Autoencoders for music sound modeling: a comparison of linear, shallow, deep, recurrent and variational models
Fanny Roche (1, 2), Thomas Hueber (1), Samuel Limier (2) and, Laurent Girin (1, 3) ((1) Univ. Grenoble Alpes, CNRS, Grenoble INP,, GIPSA-lab, Grenoble, France, (2) Arturia, Meylan, France, (3) INRIA,, Perception Team, Montbonnot, France)

TL;DR
This paper compares various autoencoder architectures and PCA for music sound modeling, finding deep and recurrent autoencoders outperform PCA in reconstruction accuracy, while variational autoencoders offer a good balance of quality and latent space usability.
Contribution
It provides a systematic comparison of linear, shallow, deep, recurrent, and variational autoencoders against PCA for music spectrum compression and synthesis.
Findings
Deep and recurrent autoencoders outperform PCA in reconstruction error.
PCA outperforms shallow autoencoders in this task.

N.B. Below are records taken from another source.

(* Let $n\geq 1$ and $k\geq 0$ be integers and $d_1,\dots,d_k$ positive integers with $\sum_{i=1}^k d_i\leq n+1$. Then $F_n(t;d_1,\dots,d_k)$ is a polynomial in $t$ with non-negative coefficients.
   Context: For an integer $m>0$, $\binom{t}{m}=\frac{1}{m!}\prod_{i=0}^{m-1}(t-i)$. For $I\subset\{1,\dots,k\}$, $d_I=\sum_{i\in I}d_i$ (with $d_\emptyset=0$). Define $F_n(t;d_1,\dots,d_k)=\sum_{I\subset\{1,\dots,k\}}(-1)^{|I|}\binom{t+n-d_I}{n}$. *)

theory Defs
  imports Complex_Main "HOL-Computational_Algebra.Polynomial"
begin

definition F :: "nat \<Rightarrow> nat \<Rightarrow> (nat \<Rightarrow> nat) \<Rightarrow> real \<Rightarrow> real" where
  "F n k d t = (\<Sum>I\<in>Pow {1..k}. (-1) ^ card I * ((t + real n - real (sum d I)) gchoose n))"

end

theory Submission
  imports Defs "HOL-Computational_Algebra.Fundamental_Theorem_Algebra"
begin

text \<open>Write \<open>S\<close> for the shift \<open>(S f)(z) = f (z - 1)\<close>. Then \<open>F\<^sub>n(z) = \<Prod>\<^sub>i (1 - S\<^bsup>d\<^sub>i\<^esup>) B(z)\<close> with
  \<open>B(z) = (z + n) gchoose n = (z + 1) \<cdots> (z + n) / n!\<close>, and \<open>\<Prod>\<^sub>i (1 - X\<^bsup>d\<^sub>i\<^esup>)\<close> splits into
  \<open>d\<^sub>1 + \<dots> + d\<^sub>k \<le> n + 1\<close> linear factors \<open>X - a\<close> with \<open>|a| = 1\<close>. A Lee--Yang type argument shows
  that each application of \<open>S - a\<close> consumes one factor \<open>z + j\<close> of \<open>B\<close> and keeps all other zeros on a
  vertical line; after at most \<open>n + 1\<close> steps every zero of \<open>F\<^sub>n\<close> lies in \<open>Re z \<le> 0\<close> (or \<open>F\<^sub>n = 0\<close>).
  A real polynomial with this property is a constant times a product of linear and quadratic
  factors with non-negative coefficients, and \<open>F\<^sub>n(1) \<ge> 0\<close> fixes the sign of the constant.\<close>

section \<open>Real polynomials with zeros in the closed left half-plane\<close>

abbreviation cpoly :: "real poly \<Rightarrow> complex poly" where
  "cpoly \<equiv> map_poly complex_of_real"

lemma cpoly_add: "cpoly (p + q) = cpoly p + cpoly q"
  by (rule poly_eqI) (simp add: coeff_map_poly)

lemma cpoly_smult: "cpoly (smult c p) = smult (of_real c) (cpoly p)"
  by (rule poly_eqI) (simp add: coeff_map_poly)

lemma cpoly_mult: "cpoly (p * q) = cpoly p * cpoly q"
  by (induction p) (auto simp: map_poly_pCons cpoly_add cpoly_smult)

lemma cpoly_sum: "cpoly (\<Sum>i\<in>A. f i) = (\<Sum>i\<in>A. cpoly (f i))"
  by (induction A rule: infinite_finite_induct) (auto simp: cpoly_add)
definition frac_cheeger_ratio ::
  "nat \<Rightarrow> (nat \<Rightarrow> nat \<Rightarrow> real) \<Rightarrow> (nat \<Rightarrow> real) \<Rightarrow> (nat \<Rightarrow> real) \<Rightarrow> real" where
  "frac_cheeger_ratio n w \<rho> \<eta> =
     (\<Sum>u\<in>{0..<n}. \<Sum>v\<in>{0..<n}. \<rho> u * \<eta> v * w u v)
       / min (frac_norm n w \<rho>) (frac_norm n w \<eta>)"

text \<open>Functions are only relevant on {0..<n}; the infimum ranges over all
  fractional partitions with both norms nonzero.\<close>
definition frac_cheeger :: "nat \<Rightarrow> (nat \<Rightarrow> nat \<Rightarrow> real) \<Rightarrow> real" where
  "frac_cheeger n w = (INF p \<in> {(\<rho>, \<eta>). fractional_partition n \<rho> \<eta> \<and>
        frac_norm n w \<rho> \<noteq> 0 \<and> frac_norm n w \<eta> \<noteq> 0}.
      frac_cheeger_ratio n w (fst p) (snd p))"

end

theory Submission
  imports Defs
begin

(* Given a fractional partition (rho, eta), let S be the random vertex set that contains each
   vertex u independently with probability rho u.  The expected cut of S is exactly the numerator
   of the fractional Cheeger ratio, while X = vol S has mean |rho| and variance
   sum_u rho u * eta u * vol(u)^2 <= M |rho| |eta| / T, where M is the maximal volume and T = vol V.
   Since cut S >= h_G * min (X, T - X), it remains to bound E[min (X, T - X)] from below by
   (1 - 2M/(eps^2 T)) (1 - eps) min (|rho|, |eta|): integrate a quadratic minorant of
   t |-> min (t, T - t) and use only the mean and the variance of X.  Finally M/T <= gamma/n. *)

section \<open>Random subsets with independent memberships\<close>

(* The probability of S for the random subset of A that contains each u independently with
   probability rho u; the lemmas below assume rho + eta = 1 on A. *)
definition bernoulli_weight :: "'a set \<Rightarrow> ('a \<Rightarrow> real) \<Rightarrow> ('a \<Rightarrow> real) \<Rightarrow> 'a set \<Rightarrow> real" where
  "bernoulli_weight A \<rho> \<eta> S = (\<Prod>u\<in>S. \<rho> u) * (\<Prod>u\<in>A - S. \<eta> u)"

lemma bernoulli_weight_nonneg:
  assumes "\<forall>u\<in>A. 0 \<le> \<rho> u \<and> 0 \<le> \<eta> u" and "S \<subseteq> A"
  shows "0 \<le> bernoulli_weight A \<rho> \<eta> S"
  using assms unfolding bernoulli_weight_def by (auto intro!: mult_nonneg_nonneg prod_nonneg)

lemma sum_bernoulli_weight_constrained:
  assumes fin: "finite A" and "B \<subseteq> A" "C \<subseteq> A" "B \<inter> C = {}"
    and partition: "\<forall>u\<in>A. \<rho> u + \<eta> u = 1"
  shows "(\<Sum>S\<in>Pow A. bernoulli_weight A \<rho> \<eta> S * of_bool (B \<subseteq> S \<and> C \<inter> S = {}))
     = (\<Prod>u\<in>B. \<rho> u) * (\<Prod>u\<in>C. \<eta> u)"
proof -
  define \<rho>' where "\<rho>' u = (if u \<in> C then 0 else \<rho> u)" for u
  define \<eta>' where "\<eta>' u = (if u \<in> B then 0 else \<eta> u)" for u
  have "(\<Sum>S\<in>Pow A. bernoulli_weight A \<rho> \<eta> S * of_bool (B \<subseteq> S \<and> C \<inter> S = {}))
      = (\<Sum>S\<in>Pow A. (\<Prod>u\<in>S. \<rho>' u) * (\<Prod>u\<in>A - S. \<eta>' u))"
  proof (rule sum.cong[OF refl])
    fix S assume "S \<in> Pow A"
    then have S: "finite S" "S \<subseteq> A" using fin finite_subset by auto
    consider "C \<inter> S \<noteq> {}" | "B - S \<noteq> {}" | "C \<inter> S = {}" "B \<subseteq> S" by blast
    then show "bernoulli_weight A \<rho> \<eta> S * of_bool (B \<subseteq> S \<and> C \<inter> S = {})
        = (\<Prod>u\<in>S. \<rho>' u) * (\<Prod>u\<in>A - S. \<eta>' u)"
    proof cases
      case 1
      then have "(\<Prod>u\<in>S. \<rho>' u) = 0" using S by (intro prod_zero) (auto simp: \<rho>'_def)
      with 1 show ?thesis by simp
    next
      case 2
      then have "(\<Prod>u\<in>A - S. \<eta>' u) = 0" using fin \<open>B \<subseteq> A\<close> by (intro prod_zero) (auto simp: \<eta>'_def)
      with 2 show ?thesis by auto
    next
      case 3
      then show ?thesis unfolding bernoulli_weight_def
        by (auto simp: \<rho>'_def \<eta>'_def intro!: arg_cong2[where f = "(*)"] prod.cong)
    qed
  qed
  also have "\<dots> = (\<Prod>u\<in>A. \<rho>' u + \<eta>' u)" by (rule prod_add[OF fin, symmetric])
  also have "\<dots> = (\<Prod>u\<in>B \<union> C. \<rho>' u + \<eta>' u)"
    using fin assms(2-5) by (intro prod.mono_neutral_right) (auto simp: \<rho>'_def \<eta>'_def)
  also have "\<dots> = (\<Prod>u\<in>B. \<rho> u) * (\<Prod>u\<in>C. \<eta> u)"
    using fin assms(2-4) by (subst prod.union_disjoint)
      (auto simp: \<rho>'_def \<eta>'_def intro: finite_subset intro!: arg_cong2[where f = "(*)"] prod.cong)
  finally show ?thesis .
qed

lemma sum_bernoulli_weight:
  assumes "finite A" "\<forall>u\<in>A. \<rho> u + \<eta> u = 1"
  shows "(\<Sum>S\<in>Pow A. bernoulli_weight A \<rho> \<eta> S) = 1"
  using sum_bernoulli_weight_constrained[OF assms(1) _ _ _ assms(2), of "{}" "{}"] by simp

lemma sum_bernoulli_weight_mem:
  assumes "finite A" "\<forall>u\<in>A. \<rho> u + \<eta> u = 1" "u \<in> A"
  shows "(\<Sum>S\<in>Pow A. bernoulli_weight A \<rho> \<eta> S * of_bool (u \<in> S)) = \<rho> u"
  using sum_bernoulli_weight_constrained[OF assms(1) _ _ _ assms(2), of "{u}" "{}"] assms(3) by simp

lemma sum_bernoulli_weight_mem_mem:
  assumes "finite A" "\<forall>u\<in>A. \<rho> u + \<eta> u = 1" "u \<in> A" "v \<in> A" "u \<noteq> v"
  shows "(\<Sum>S\<in>Pow A. bernoulli_weight A \<rho> \<eta> S * of_bool (u \<in> S \<and> v \<in> S)) = \<rho> u * \<rho> v"
  using sum_bernoulli_weight_constrained[OF assms(1) _ _ _ assms(2), of "{u, v}" "{}"] assms(3-5)
  by simp

lemma sum_bernoulli_weight_mem_not_mem:
  assumes "finite A" "\<forall>u\<in>A. \<rho> u + \<eta> u = 1" "u \<in> A" "v \<in> A" "u \<noteq> v"
  shows "(\<Sum>S\<in>Pow A. bernoulli_weight A \<rho> \<eta> S * of_bool (u \<in> S \<and> v \<notin> S)) = \<rho> u * \<eta> v"
  using sum_bernoulli_weight_constrained[OF assms(1) _ _ _ assms(2), of "{u}" "{v}"] assms(3-5)
  by simp

lemma sum_subset_eq_indicator:
  fixes f :: "'a \<Rightarrow> real"
  assumes "finite A" "S \<subseteq> A"
  shows "sum f S = (\<Sum>u\<in>A. of_bool (u \<in> S) * f u)"
  using assms by (subst sum_of_bool_mult_eq[OF assms(1)]) (simp add: Int_absorb1)


lemma bernoulli_expectation:
  assumes finite: "finite A" and partition: "\<forall>u\<in>A. \<rho> u + \<eta> u = 1"
  shows "(\<Sum>S\<in>Pow A. bernoulli_weight A \<rho> \<eta> S * sum f S) = (\<Sum>u\<in>A. \<rho> u * f u)"
proof -
  have "(\<Sum>S\<in>Pow A. bernoulli_weight A \<rho> \<eta> S * sum f S)
      = (\<Sum>S\<in>Pow A. \<Sum>u\<in>A. f u * (bernoulli_weight A \<rho> \<eta> S * of_bool (u \<in> S)))"
  proof (rule sum.cong[OF refl])
    fix S assume "S \<in> Pow A"
    then have "sum f S = (\<Sum>u\<in>A. of_bool (u \<in> S) * f u)"
      using finite by (intro sum_subset_eq_indicator) auto
    then show "bernoulli_weight A \<rho> \<eta> S * sum f S
        = (\<Sum>u\<in>A. f u * (bernoulli_weight A \<rho> \<eta> S * of_bool (u \<in> S)))"
      by (simp add: sum_distrib_left mult_ac)
  qed
  also have "\<dots> = (\<Sum>u\<in>A. f u * (\<Sum>S\<in>Pow A. bernoulli_weight A \<rho> \<eta> S * of_bool (u \<in> S)))"
    by (subst sum.swap) (simp add: sum_distrib_left)
  also have "\<dots> = (\<Sum>u\<in>A. \<rho> u * f u)"
    (* sum_mult_of_bool_eq would turn the indicator sums into sums over filtered sets *)
    using finite partition
    by (intro sum.cong refl) (simp add: sum_bernoulli_weight_mem del: sum_mult_of_bool_eq)
  finally show ?thesis .
qed
lemma net_iso_swap_parents_tail_move:
  fixes N N' :: "'x network"
  defines "E \<equiv> edges N"
  assumes N: "phylo_net X N"
    and in_u: "\<And>x. (x, u) \<in> E \<longleftrightarrow> x = xL" and out_u: "\<And>y. (u, y) \<in> E \<longleftrightarrow> y = r \<or> y = v"
    and "r \<noteq> v" "(xR, r) \<in> E" "xR \<noteq> u"
    and tail: "tail_move X N (u, v) (xR, r) w N'"
  shows "net_iso \<lparr>nodes = nodes N, edges = swap_parents E xL xR u r, lbl = lbl N\<rparr> N'"
proof -
  let ?T = "\<lparr>nodes = nodes N, edges = swap_parents E xL xR u r, lbl = lbl N\<rparr>" and ?h = "id(u := w)"
  have w: "w \<notin> nodes N" and N': "N' = \<lparr>nodes = nodes N - {u} \<union> {w},
      edges = suppress (subdivide (E - {(u, v)}) (xR, r) w) u \<union> {(w, v)}, lbl = lbl N\<rparr>"
    using tail by (simp_all add: tail_move_def Let_def E_def)
  have E_nodes: "E \<subseteq> nodes N \<times> nodes N" and "acyclic E" using N by (simp_all add: E_def phylo_net_def)
  have edges: "(xL, u) \<in> E" "(u, r) \<in> E" "(u, v) \<in> E" using in_u out_u by simp_all
  have ne: "xL \<noteq> u" "r \<noteq> u" "v \<noteq> u"
    using acyclic_trancl_neq[OF \<open>acyclic E\<close> r_into_trancl] edges by blast+
  have in_nodes: "xL \<in> nodes N" "u \<in> nodes N" "r \<in> nodes N" "v \<in> nodes N" "xR \<in> nodes N"
    using edges \<open>(xR, r) \<in> E\<close> E_nodes by auto
  then have w_ne: "w \<noteq> xL" "w \<noteq> u" "w \<noteq> r" "w \<noteq> v" "w \<noteq> xR" using w by auto
  have w_fresh: "(x, w) \<notin> E" "(w, x) \<notin> E" for x using w E_nodes by auto
  have "edges N' = suppress (subdivide (E - {(u, v)}) (xR, r) w) u \<union> {(w, v)}" by (simp add: N')
  also have "\<dots> = E - {(xL, u), (u, r), (u, v), (xR, r)} \<union> {(xL, r), (xR, w), (w, r), (w, v)}"
    using \<open>r \<noteq> v\<close> ne \<open>xR \<noteq> u\<close> w_ne by (intro tail_move_edges[OF in_u out_u]) auto
  finally have N'_edges: "edges N' = E - {(xL, u), (u, r), (u, v), (xR, r)} \<union> {(xL, r), (xR, w), (w, r), (w, v)}" .
  have "(x, y) \<in> swap_parents E xL xR u r \<longleftrightarrow> (?h x, ?h y) \<in> edges N'"
    if "x \<in> nodes N" "y \<in> nodes N" for x y
    using that w w_fresh in_u[of x] out_u[of y] ne w_ne \<open>xR \<noteq> u\<close> \<open>r \<noteq> v\<close>
    by (cases "x = u"; cases "y = u") (auto simp: swap_parents_def N'_edges)
  moreover have "bij_betw ?h (nodes N) (nodes N')"
    using w in_nodes by (auto simp: N' bij_betw_def inj_on_def image_def)
  moreover have "u \<notin> leaves ?T"
  proof
    assume "u \<in> leaves ?T"
    then have "{y. (u, y) \<in> swap_parents E xL xR u r} = {}"
      using finite_out_neighbours[of "swap_parents E xL xR u r" u] phylo_net_finite_edges[OF N]
      by (auto simp: leaves_def is_leaf_def outdeg_def swap_parents_def E_def)
    then show False using edges ne \<open>xR \<noteq> u\<close> by (auto simp: swap_parents_def)
  qed
  ultimately show ?thesis unfolding net_iso_def by (intro exI[of _ ?h]) (auto simp: N')
qed

theorem mainTheorem9:
  fixes X :: "'x set" and N N' :: "'x network" and xL xR r u v w :: nat
  assumes "phylo_net X N"
    and "is_ret N r"
    and "is_split N u"
    and "(xL, u) \<in> edges N" and "(u, r) \<in> edges N" and "(u, v) \<in> edges N" and "v \<noteq> r"
    and "(xR, r) \<in> edges N" and "xR \<noteq> u"
    and "tail_move X N (u, v) (xR, r) w N'"
  shows "\<exists>k \<le> 4. \<exists>N''. (head_step X ^^ k) N N'' \<and> net_iso N'' N'"
proof -
  let ?T = "\<lparr>nodes = nodes N, edges = swap_parents (edges N) xL xR u r, lbl = lbl N\<rparr>"
  obtain c where in_r: "\<And>x. (x, r) \<in> edges N \<longleftrightarrow> x = u \<or> x = xR"
      and out_r: "\<And>y. (r, y) \<in> edges N \<longleftrightarrow> y = c"
    using reticulation_of_two_parents[OF assms(1,5,8)] assms(9) by metis
  note in_u = split_node_neighbours(1)[OF assms(1,3,4,5,6) assms(7)[symmetric]]
  note out_u = split_node_neighbours(2)[OF assms(1,3,4,5,6) assms(7)[symmetric]]
  have iso: "net_iso ?T N'"
    using net_iso_swap_parents_tail_move[OF assms(1) in_u out_u] assms(7-10) by simp
  moreover have "acyclic (swap_parents (edges N) xL xR u r)"
  proof (rule net_iso_acyclic[OF iso, simplified])
    show "swap_parents (edges N) xL xR u r \<subseteq> nodes N \<times> nodes N"
      using assms(1,4,8) by (auto simp: phylo_net_def swap_parents_def)
    have "phylo_net X N'" using assms(10) unfolding tail_move_def Let_def by blast
    then show "acyclic (edges N')" by (simp add: phylo_net_def)
  qed
  then have "(u, xR) \<notin> (edges N)\<^sup>*" by (rule not_rtrancl_if_acyclic_swap_parents)
  then obtain k where "k \<le> 4" "(head_step X ^^ k) N ?T"
    using swap_parents_by_head_moves[OF assms(1) in_r _ out_r in_u out_u] assms(9) by metis
  ultimately show ?thesis by blast
qed

end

Variational autoencoders balance reconstruction quality and latent space usability.
Abstract
This study investigates the use of non-linear unsupervised dimensionality reduction techniques to compress a music dataset into a low-dimensional representation which can be used in turn for the synthesis of new sounds. We systematically compare (shallow) autoencoders (AEs), deep autoencoders (DAEs), recurrent autoencoders (with Long Short-Term Memory cells -- LSTM-AEs) and variational autoencoders (VAEs) with principal component analysis (PCA) for representing the high-resolution short-term magnitude spectrum of a large and dense dataset of music notes into a lower-dimensional vector (and then convert it back to a magnitude spectrum used for sound resynthesis). Our experiments were conducted on the publicly available multi-instrument and multi-pitch database NSynth. Interestingly and contrary to the recent literature on image processing, we can show that PCA systematically outperforms…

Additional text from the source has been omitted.